The banana here is a delicate thing. Too much, and the flavor overwhelms. One small banana per two servings adds just the right amount of sweetness and body.
So there is my overly-informative explanation for why I wake up every morning anticipating a glass of cool, creamy, green liquid. Though there’s no need to limit yourself to liquid breakfasts; this works well as an afternoon snack, too.
One year ago:
Two years ago:
Three years ago:
Four years ago:
Fall Greens Smoothie
A recipe with as few ingredients as this one is all about quality. I make this smoothie with ripe grapes and pears that I process and freeze myself, which allows me to use local, peak-of-season produce that I know will be sweet and flavorful. I like to make my own nut milk as it is heads and tails above the shelf-stable stuff. (Update: I tried this with shelf-stable coconut milk, and I did not like the result.) I like just enough banana to make it sweet and creamy, but not take over (1 small one per two servings). If raw kale isn’t your thing, you can wilt it easily by placing it in a strainer and slowly pouring 3 cups of boiling water over it. Rinse it with cool water and squeeze it dry.
Jay and I usually share the quantity below, but I’m always happy to get the whole thing to myself on the rare occasions that he’s away during breakfast time.
Makes 1 quart; 1 huge or 2 moderate servings
2 cups Cashew Almond Milk (below)
2 cups packed kale leaves
1 cup frozen pear chunks
1 cup frozen table grapes
1 small banana (4 ounces in the peel)
Combine all ingredients in a blender in the order listed. Blend until very smooth, around 3 minutes, beginning on low and slowly increasing the speed to high. Serve immediately.
Cashew Almond Milk
1 cup whole “raw” cashews
1 cup whole raw almonds
water, as needed (preferably filtered)
Combine the cashews and almonds in a 1-quart jar and fill the jar with water.

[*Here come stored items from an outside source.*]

lemma monomials_of_support_empty: "monomials_of_support {} d = (if d = 0 then {\<lambda>_. 0} else {})"
  unfolding monomials_of_support_def by auto

lemma card_monomials_of_support_insert:
  assumes "finite F" "x \<notin> F"
  shows "card (monomials_of_support (insert x F) d) = (\<Sum>k<d. card (monomials_of_support F k))"
proof -
  let ?M = monomials_of_support
  have sum_upd: "sum (a(x := v)) F = sum a F" "(\<Sum>i\<in>F. if i = x then v else a i) = sum a F"
    for a v using assms(2) by (auto intro: sum.cong)
  have mem_insert_support: "a \<in> ?M (insert x F) d \<longleftrightarrow>
      0 < a x \<and> a x + sum a F = d \<and> a(x := 0) \<in> ?M F (sum a F)" for a
  proof -
    have "(\<forall>i. 0 < a i \<longleftrightarrow> i \<in> insert x F) \<longleftrightarrow> 0 < a x \<and> (\<forall>i. 0 < (a(x := 0)) i \<longleftrightarrow> i \<in> F)"
      using assms(2) by auto
    then show ?thesis
      using assms by (simp add: monomials_of_support_def sum_upd(2)) blast
  qed
  have member: "b x = 0" "sum b F = k" if "b \<in> ?M F k" for b k
    using that assms(2) by (auto simp: monomials_of_support_def)
  have "bij_betw (\<lambda>a. (sum a F, a(x := 0))) (?M (insert x F) d) (SIGMA k:{..<d}. ?M F k)"
  proof (rule bij_betw_byWitness[where f' = "\<lambda>(k, b). b(x := d - k)"])
    show "\<forall>a\<in>?M (insert x F) d. (\<lambda>(k, b). b(x := d - k)) (sum a F, a(x := 0)) = a"
      by (auto simp: mem_insert_support)
    show "\<forall>kb\<in>SIGMA k:{..<d}. ?M F k. (\<lambda>a. (sum a F, a(x := 0))) ((\<lambda>(k, b). b(x := d - k)) kb) = kb"
      by (auto simp: sum_upd member)
    show "(\<lambda>a. (sum a F, a(x := 0))) ` ?M (insert x F) d \<subseteq> (SIGMA k:{..<d}. ?M F k)"
      by (auto simp: mem_insert_support)
    show "(\<lambda>(k, b). b(x := d - k)) ` (SIGMA k:{..<d}. ?M F k) \<subseteq> ?M (insert x F) d"
      by (auto simp: mem_insert_support sum_upd member fun_upd_idem)
  qed
  then have "card (?M (insert x F) d) = card (SIGMA k:{..<d}. ?M F k)"
    by (rule bij_betw_same_card)
  also have "\<dots> = (\<Sum>k<d. card (?M F k))"
    by (rule card_SigmaI) (use finite_monomials_of_support assms in auto)
  finally show ?thesis .
qed

lemma fps_card_monomials_of_support:
  assumes "finite F"
  shows "Abs_fps (\<lambda>d. of_nat (card (monomials_of_support F d)))
           = (fps_X_div_one_minus_X :: 'a::comm_ring_1 fps) ^ card F"
  using assms
proof (induction F rule: finite_induct)
  case empty
  show ?case by (rule fps_ext) (simp add: monomials_of_support_empty)
next
  case (insert x F)
  let ?A = "Abs_fps (\<lambda>d. of_nat (card (monomials_of_support F d))) :: 'a fps"
  have "Abs_fps (\<lambda>d. of_nat (card (monomials_of_support (insert x F) d))) = ?A * fps_X_div_one_minus_X"
  proof (rule fps_ext)
    fix n
    have "(?A * fps_X_div_one_minus_X) $ n
        = (\<Sum>i=0..n. of_nat (card (monomials_of_support F i)) * (if n - i = 0 then 0 else 1))"
      by (simp add: fps_mult_nth fps_X_div_one_minus_X_def)
    also have "\<dots> = (\<Sum>i<n. of_nat (card (monomials_of_support F i)))"
      by (rule sum.mono_neutral_cong_right) auto
    finally show "Abs_fps (\<lambda>d. of_nat (card (monomials_of_support (insert x F) d))) $ n
        = (?A * fps_X_div_one_minus_X) $ n"
      using card_monomials_of_support_insert[OF insert(1,2), of n] by simp
  qed
  then show ?case using insert by (simp add: power_Suc2)
qed

lemma finite_independent_sets: "finite {S. independent N E S}"
  by (rule finite_subset[of _ "Pow {1..N}"]) (auto simp: independent_def)

lemma independent_empty:
  assumes "simple_graph N E"
  shows "independent N E {}"
  using assms by (force simp: simple_graph_def independent_def)

lemma card_le_indep_number: "independent N E S \<Longrightarrow> card S \<le> indep_number N E"
  unfolding indep_number_def using finite_independent_sets by (auto intro: Max_ge)

lemma coeff_indep_poly: "coeff (indep_poly N E) i = int (card {S. independent N E S \<and> card S = i})"
proof (cases "i \<le> N")
  case True
  then show ?thesis by (simp add: indep_poly_def coeff_sum coeff_monom)
next
  case False
  have "card S \<le> N" if "independent N E S" for S
    using that card_mono[of "{1..N}" S] by (simp add: independent_def)
  then have "{S. independent N E S \<and> card S = i} = {}" using False by force
  moreover have "coeff (indep_poly N E) i = 0"
    using False by (simp add: indep_poly_def coeff_sum coeff_monom)
  ultimately show ?thesis by (simp only: card.empty of_nat_0)
qed

lemma indep_poly_nonzero:
  assumes "simple_graph N E"
  shows "indep_poly N E \<noteq> 0"
proof -
  have "{S. independent N E S \<and> card S = 0} = {{}}"
    using independent_empty[OF assms] by (auto simp: independent_def finite_subset)
  then have "coeff (indep_poly N E) 0 = 1" by (simp add: coeff_indep_poly)
  then show ?thesis by auto
qed

lemma degree_indep_poly_le: "degree (indep_poly N E) \<le> indep_number N E"
proof (rule degree_le, intro allI impI)
  fix i assume "indep_number N E < i"
  then have "{S. independent N E S \<and> card S = i} = {}"
    using card_le_indep_number by fastforce
  then show "coeff (indep_poly N E) i = 0" by (simp only: coeff_indep_poly card.empty of_nat_0)
qed
lemma sums_triangle_swap:
  fixes u :: "nat \<Rightarrow> nat \<Rightarrow> real" and p q B :: "nat \<Rightarrow> real"
  assumes bound: "\<And>j k. \<bar>u (k + j) j\<bar> \<le> p j * q k"
    and p: "summable p" "\<And>j. 0 \<le> p j" and q: "summable q" "\<And>k. 0 \<le> q k"
    and inner: "\<And>j. (\<lambda>k. u (k + j) j) sums B j"
    and outer: "(\<lambda>n. \<Sum>j\<le>n. u n j) sums C"
  shows "B sums C"
proof -
  define w where "w = (\<lambda>(j, k). u (k + j) j)"
  have "w summable_on UNIV"
    using bound by (intro summable_on_product_majorant[of w p q] p q) (auto simp: w_def)
  then obtain S where w_has_sum: "(w has_sum S) (UNIV \<times> UNIV)"
    by (auto simp: summable_on_def)
  have "((\<lambda>k. w (j, k)) has_sum B j) UNIV" for j
  proof -
    have "summable (\<lambda>k. norm (u (k + j) j))"
      by (rule summable_comparison_test[OF _ summable_mult[OF q(1), of "p j"]]) (use bound in simp)
    then show ?thesis
      unfolding w_def using inner[of j] by (simp add: norm_summable_imp_has_sum)
  qed
  then have "(B has_sum S) UNIV"
    by (intro has_sum_Sigma'[OF w_has_sum]) simp
  moreover have "(w has_sum S) (UNIV \<times> UNIV) \<longleftrightarrow> ((\<lambda>(n, j). u n j) has_sum S) (SIGMA n:UNIV. {..n})"
    by (rule has_sum_reindex_bij_witness[where j = "\<lambda>(j, k). (k + j, j)" and i = "\<lambda>(n, j). (j, n - j)"])
      (auto simp: w_def)
  then have "((\<lambda>(n, j). u n j) has_sum S) (SIGMA n:UNIV. {..n})"
    using w_has_sum by simp
  then have "((\<lambda>n. \<Sum>j\<le>n. u n j) has_sum S) UNIV"
    by (rule has_sum_Sigma') (simp add: has_sum_finite)
  then have "S = C"
    using outer by (metis has_sum_imp_sums sums_unique2)
  ultimately show ?thesis
    by (simp add: has_sum_imp_sums)
qed

lemma summable_power_div_fact:
  fixes a :: real shows "summable (\<lambda>j. a ^ (2 * j + p) / fact j)"
proof -
  have "a ^ (2 * j + p) / fact j = a ^ p * (inverse (fact j) * (a\<^sup>2) ^ j)" for j
    by (simp add: power_add power_mult divide_inverse)
  then show ?thesis
    using summable_mult[OF summable_exp[of "a\<^sup>2"], of "a ^ p"] by simp
qed

lemma bessel_J_sums: "(\<lambda>k. (-1) ^ k / (fact k * fact (k + m)) * (t / 2) ^ (2 * k + m)) sums bessel_J m t"
proof -
  have "(\<lambda>k. (-1) ^ k / (fact k * fact (k + m)) * (t / 2) ^ (2 * k + m)) = (\<lambda>k. bessel_coeff m k * t ^ (2 * k + m))"
    by (simp add: bessel_coeff_def power_divide)
  then show ?thesis
    unfolding bessel_J_def using summable_bessel_series by (simp add: summable_sums)
qed

lemma abs_bessel_term_le:
  fixes t :: real
  assumes "j \<le> k + m"
  shows "\<bar>(-1) ^ k / (fact k * fact (k + m)) * (t / 2) ^ (2 * k + m)\<bar>
    \<le> (\<bar>t\<bar> / 2) ^ (2 * k) / fact k * ((\<bar>t\<bar> / 2) ^ m / fact j)"
proof -
  have "fact j \<le> (fact (k + m) :: real)"
    using assms by (rule fact_mono)
  then have "(\<bar>t\<bar> / 2) ^ (2 * k + m) / (fact k * fact (k + m)) \<le> (\<bar>t\<bar> / 2) ^ (2 * k + m) / (fact k * fact j)"
    by (intro divide_left_mono mult_left_mono) auto
  then show ?thesis
    by (simp add: abs_mult power_abs power_add power_mult)
qed

lemma jacobi_anger_series:
  assumes p: "p \<le> 1" and x: "x \<in> {-1..1}"
    and taylor: "(\<lambda>n. (-1) ^ n / fact (2 * n + p) * (t * x) ^ (2 * n + p)) sums S"
  shows "(\<lambda>j. neumann_factor (2 * j + p) * (-1) ^ j * bessel_J (2 * j + p) t * cheb_T (2 * j + p) x) sums S"
proof -
  define w where "w j = neumann_factor (2 * j + p) * (-1) ^ j * cheb_T (2 * j + p) x" for j
  \<comment> \<open>u n j is the T(2j+p)-component of the n-th Taylor term; the diagonals n = k + j are Bessel series.\<close>
  define u where "u n j = (-1) ^ n / fact (2 * n + p) * (t / 2) ^ (2 * n + p)
    * (neumann_factor (2 * j + p) * real ((2 * n + p) choose (n - j)) * cheb_T (2 * j + p) x)" for n j
  have u_diagonal: "u (k + j) j = w j * ((-1) ^ k / (fact k * fact (k + (2 * j + p))) * (t / 2) ^ (2 * k + (2 * j + p)))"
    for j k
  proof -
    have "real ((2 * k + (2 * j + p)) choose k) / fact (2 * k + (2 * j + p)) = 1 / (fact k * fact (k + (2 * j + p)))"
      by (simp add: binomial_fact)
    moreover have "2 * (k + j) + p = 2 * k + (2 * j + p)" "k + j - j = k" by simp_all
    ultimately show ?thesis
      by (simp add: u_def w_def power_add field_simps)
  qed
  have abs_w: "\<bar>w j\<bar> \<le> 2" for j
    using abs_cheb_T_le_1[of "2 * j + p" x]
    by (cases "2 * j + p = 0") (auto simp: w_def neumann_factor_def abs_mult)
  show ?thesis
  proof (rule sums_triangle_swap[where u = u and p = "\<lambda>j. 2 * ((\<bar>t\<bar> / 2) ^ (2 * j + p) / fact j)"
        and q = "\<lambda>k. (\<bar>t\<bar> / 2) ^ (2 * k + 0) / fact k"])
    fix j k
    have "\<bar>u (k + j) j\<bar> \<le> 2 * ((\<bar>t\<bar> / 2) ^ (2 * k) / fact k * ((\<bar>t\<bar> / 2) ^ (2 * j + p) / fact j))"
      unfolding u_diagonal by (subst abs_mult, intro mult_mono abs_w abs_bessel_term_le) auto
    then show "\<bar>u (k + j) j\<bar> \<le> 2 * ((\<bar>t\<bar> / 2) ^ (2 * j + p) / fact j) * ((\<bar>t\<bar> / 2) ^ (2 * k + 0) / fact k)"
      by (simp only: mult_ac add_0_right)
  next
    fix j
    show "(\<lambda>k. u (k + j) j) sums (neumann_factor (2 * j + p) * (-1) ^ j * bessel_J (2 * j + p) t * cheb_T (2 * j + p) x)"
    proof -
      have "neumann_factor (2 * j + p) * (-1) ^ j * bessel_J (2 * j + p) t * cheb_T (2 * j + p) x
          = w j * bessel_J (2 * j + p) t"
        by (simp add: w_def)
      then show ?thesis
        unfolding u_diagonal by (simp only: sums_mult[OF bessel_J_sums])
    qed
  next
    have "(\<Sum>j\<le>n. u n j) = (-1) ^ n / fact (2 * n + p) * (t * x) ^ (2 * n + p)" for n
    proof -
      have "t * x = t / 2 * (2 * x)" by simp
      then show ?thesis
        unfolding u_def sum_distrib_left[symmetric] two_power_eq_chebyshev_sum[OF p x, symmetric]
        by (simp only: power_mult_distrib mult.assoc)
    qed
    then show "(\<lambda>n. \<Sum>j\<le>n. u n j) sums S"
      using taylor by simp
  next
    show "summable (\<lambda>j. 2 * ((\<bar>t\<bar> / 2) ^ (2 * j + p) / fact j))"
      by (intro summable_mult summable_power_div_fact)
    show "summable (\<lambda>k. (\<bar>t\<bar> / 2) ^ (2 * k + 0) / fact k)"
      by (rule summable_power_div_fact)
  qed simp_all
qed

section \<open>Truncation error\<close>

lemma mult_ln_div_decrease:
  fixes \<tau> x y :: real
  assumes "0 < \<tau>" "\<tau> \<le> x" "x \<le> y"
  shows "y * ln (\<tau> / y) \<le> x * ln (\<tau> / x) - (y - x)"
proof -
  have pos: "0 < x" "0 < y" using assms by linarith+
  have "ln (x / y) \<le> x / y - 1"
    using pos by (intro ln_le_minus_one) simp
  then have "y * (ln x - ln y) \<le> x - y"
    using pos by (simp add: ln_div field_simps)
  moreover have "(y - x) * ln \<tau> \<le> (y - x) * ln x"
    using assms by (intro mult_left_mono) auto
  ultimately show ?thesis
    using pos assms(1) by (simp add: ln_div algebra_simps)
qed

lemma r_fun_correct:
  assumes "0 < \<tau>" and "0 < \<eta>" "\<eta> < 1"
  shows "\<tau> < r_fun \<tau> \<eta>" and "(\<tau> / r_fun \<tau> \<eta>) powr r_fun \<tau> \<eta> = \<eta>"
proof -
  define g where "g x = x * ln (\<tau> / x)" for x
  have g_decrease: "g y < g x" if "\<tau> \<le> x" "x < y" for x y
    using mult_ln_div_decrease[OF assms(1) that(1), of y] that by (simp add: g_def)
  have powr_eq: "\<eta> = (\<tau> / x) powr x \<longleftrightarrow> g x = ln \<eta>" if "\<tau> < x" for x
    using that assms by (auto simp: g_def powr_def)
  \<comment> \<open>g X \<le> g \<tau> - (X - \<tau>) = ln \<eta>, so the root lies in [\<tau>, X].\<close>
  define X where "X = \<tau> - ln \<eta>"
  have "\<tau> < X" using assms by (simp add: X_def)
  have "g X \<le> ln \<eta>"
    using mult_ln_div_decrease[OF assms(1) order_refl, of X] \<open>\<tau> < X\<close> assms(1) by (simp add: g_def X_def)
  moreover have "ln \<eta> \<le> g \<tau>" using assms by (simp add: g_def)
  moreover have "\<forall>x. \<tau> \<le> x \<and> x \<le> X \<longrightarrow> isCont g x"
    using assms(1) unfolding g_def[abs_def] by (intro allI impI continuous_intros) auto
  ultimately obtain r where r: "\<tau> \<le> r" "r \<le> X" "g r = ln \<eta>"
    using IVT2[of g X "ln \<eta>" \<tau>] \<open>\<tau> < X\<close> by auto
  have "r \<noteq> \<tau>" using r assms by (auto simp: g_def)
  then have "\<tau> < r \<and> \<eta> = (\<tau> / r) powr r"
    using r powr_eq by auto
  moreover have "s = r" if "\<tau> < s \<and> \<eta> = (\<tau> / s) powr s" for s
    using that powr_eq[of s] \<open>\<tau> < r \<and> \<eta> = (\<tau> / r) powr r\<close> r g_decrease[of s r] g_decrease[of r s]
    by (cases s r rule: linorder_cases) auto
  ultimately have "\<tau> < r_fun \<tau> \<eta> \<and> \<eta> = (\<tau> / r_fun \<tau> \<eta>) powr r_fun \<tau> \<eta>"
    unfolding r_fun_def by (rule theI)
  then show "\<tau> < r_fun \<tau> \<eta>" and "(\<tau> / r_fun \<tau> \<eta>) powr r_fun \<tau> \<eta> = \<eta>"
    by auto
qed

lemma one_plus_inverse_power_le_exp_1:
  assumes "0 < m" shows "(real m + 1) ^ m \<le> real m ^ m * exp 1"
proof -
  have "(real m + 1) ^ m = real m ^ m * (1 + 1 / real m) ^ m"
    using assms by (simp add: field_simps flip: power_mult_distrib)
  also have "\<dots> \<le> real m ^ m * exp 1"
    using assms by (intro mult_left_mono exp_ge_one_plus_x_over_n_power_n) auto
  finally show ?thesis .
qed

lemma exp_2_mult_power_le_fact:
  assumes "2 \<le> m" shows "exp 2 * real m ^ m \<le> 2 * fact m * exp 1 ^ m"
  using assms
proof (induction m rule: dec_induct)
  case base
  show ?case by (simp flip: exp_of_nat_mult)
next
  case (step m)
  have "exp 2 * real (Suc m) ^ Suc m = (real m + 1) * (exp 2 * (real m + 1) ^ m)"
    by (simp add: add.commute mult.left_commute)
  also have "\<dots> \<le> (real m + 1) * (exp 2 * (real m ^ m * exp 1))"
    using step.hyps(1) by (intro mult_left_mono one_plus_inverse_power_le_exp_1) auto
  also have "\<dots> = exp 1 * (real m + 1) * (exp 2 * real m ^ m)"
    by (simp only: mult_ac)
  also have "\<dots> \<le> exp 1 * (real m + 1) * (2 * fact m * exp 1 ^ m)"
    using step.IH by (intro mult_left_mono) auto
  also have "\<dots> = 2 * fact (Suc m) * exp 1 ^ Suc m"
    by (simp add: algebra_simps)
  finally show ?case .
qed

lemma six_le_exp_2: "6 \<le> exp (2 :: real)"
  using exp_ge_one_plus_x_over_n_power_n[of 10 2] by (simp add: power_divide)

lemma power_div_fact_le_beyond_r:
  fixes a r \<eta> :: real
  assumes a: "0 < a" and r: "exp 1 * a \<le> r" and \<eta>: "(exp 1 * a / r) powr r = \<eta>"
    and m: "2 \<le> m" "r + 2 * real j \<le> real m"
  shows "a ^ m / fact m \<le> 2 / exp 2 * \<eta> * exp (-2) ^ j"
proof -
  define \<tau> where "\<tau> = exp 1 * a"
  have "0 < \<tau>"
    using a by (simp add: \<tau>_def)
  then have pos: "0 < \<tau>" "0 < r" "0 < real m"
    using r m by (auto simp: \<tau>_def)
  have "exp 2 * real m ^ m * a ^ m \<le> 2 * fact m * exp 1 ^ m * a ^ m"
    using exp_2_mult_power_le_fact[OF m(1)] a by (intro mult_right_mono) auto
  then have "a ^ m / fact m \<le> 2 / exp 2 * (\<tau> / real m) ^ m"
    using pos by (simp add: \<tau>_def power_divide power_mult_distrib field_simps)
  moreover have "(\<tau> / real m) ^ m \<le> \<eta> * exp (-2) ^ j"
  proof -
    have "(\<tau> / real m) ^ m = exp (real m * ln (\<tau> / real m))"
      using pos by (simp add: exp_of_nat_mult)
    also have "\<dots> \<le> exp (r * ln (\<tau> / r) - (real m - r))"
      using mult_ln_div_decrease[of \<tau> r "real m"] pos r m by (simp add: \<tau>_def)
    also have "\<dots> = \<eta> * exp (- (real m - r))"
      using pos a \<eta> by (simp add: \<tau>_def powr_def exp_diff exp_minus divide_inverse)
    also have "\<dots> \<le> \<eta> * exp (-2) ^ j"
      using m \<eta> by (auto simp: exp_of_nat_mult[symmetric] intro!: mult_left_mono)
    finally show ?thesis .
  qed
  moreover have "0 \<le> 2 / exp (2 :: real)"
    by simp
  ultimately have "a ^ m / fact m \<le> 2 / exp 2 * (\<eta> * exp (-2) ^ j)"
    by (meson order.trans mult_left_mono)
  then show ?thesis
    by (simp only: mult.assoc)
qed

Let soak 8-24 hours. Drain the nuts and rinse them well, then add them to the blender with 4 cups of water. Blend on high until very smooth, about 3 minutes. Strain the mixture through a nut milk bag and into a large bowl, squeezing the dickens out of the pulp to extract as much liquid as possible. (Reserve the nut pulp for making brownies!) Add the remaining 6 cups of water to the nut milk (or add less water for a richer nut milk). The nut milk will keep, refrigerated, for up to 4 or 5 days.